Exercise brief –
Search the records that follow and extract every line containing the string "multigraph".

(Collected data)
definition simple_graph :: "'a set \<Rightarrow> 'e set \<Rightarrow> ('e \<Rightarrow> 'a set) \<Rightarrow> bool" where
  "simple_graph V E g \<longleftrightarrow> multigraph V E g \<and> inj_on g E"

definition adj_rel :: "'e set \<Rightarrow> ('e \<Rightarrow> 'a set) \<Rightarrow> ('a \<times> 'a) set" where
  "adj_rel E g = {(x, y). \<exists>e\<in>E. g e = {x, y}}"

definition connected_graph :: "'a set \<Rightarrow> 'e set \<Rightarrow> ('e \<Rightarrow> 'a set) \<Rightarrow> bool" where
  "connected_graph V E g \<longleftrightarrow> V \<noteq> {} \<and> (\<forall>x\<in>V. \<forall>y\<in>V. (x, y) \<in> (adj_rel E g)\<^sup>*)"

text \<open>A cycle: distinct vertices v_0..v_{k-1} and distinct edges e_0..e_{k-1} (k \<ge> 2)
  with e_i joining v_i and v_{i+1 mod k}. For k = 2 this is a pair of parallel edges.\<close>

definition has_cycle :: "'a set \<Rightarrow> 'e set \<Rightarrow> ('e \<Rightarrow> 'a set) \<Rightarrow> bool" where
  "has_cycle V E g \<longleftrightarrow> (\<exists>vs es. length vs = length es \<and> 2 \<le> length vs \<and>
      distinct vs \<and> distinct es \<and> set vs \<subseteq> V \<and> set es \<subseteq> E \<and>
      (\<forall>i<length vs. g (es ! i) = {vs ! i, vs ! ((i + 1) mod length vs)}))"

definition is_tree :: "'a set \<Rightarrow> 'e set \<Rightarrow> ('e \<Rightarrow> 'a set) \<Rightarrow> bool" where
  "is_tree V E g \<longleftrightarrow> multigraph V E g \<and> connected_graph V E g \<and> \<not> has_cycle V E g"

definition subgraph :: "'a set \<Rightarrow> 'e set \<Rightarrow> 'a set \<Rightarrow> 'e set \<Rightarrow> ('e \<Rightarrow> 'a set) \<Rightarrow> bool" where
  "subgraph U F V E g \<longleftrightarrow> U \<subseteq> V \<and> F \<subseteq> E \<and> (\<forall>e\<in>F. g e \<subseteq> U)"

Finished exercise –
  "simple_graph V E g \<longleftrightarrow> multigraph V E g \<and> inj_on g E"
  "is_tree V E g \<longleftrightarrow> multigraph V E g \<and> connected_graph V E g \<and> \<not> has_cycle V E g"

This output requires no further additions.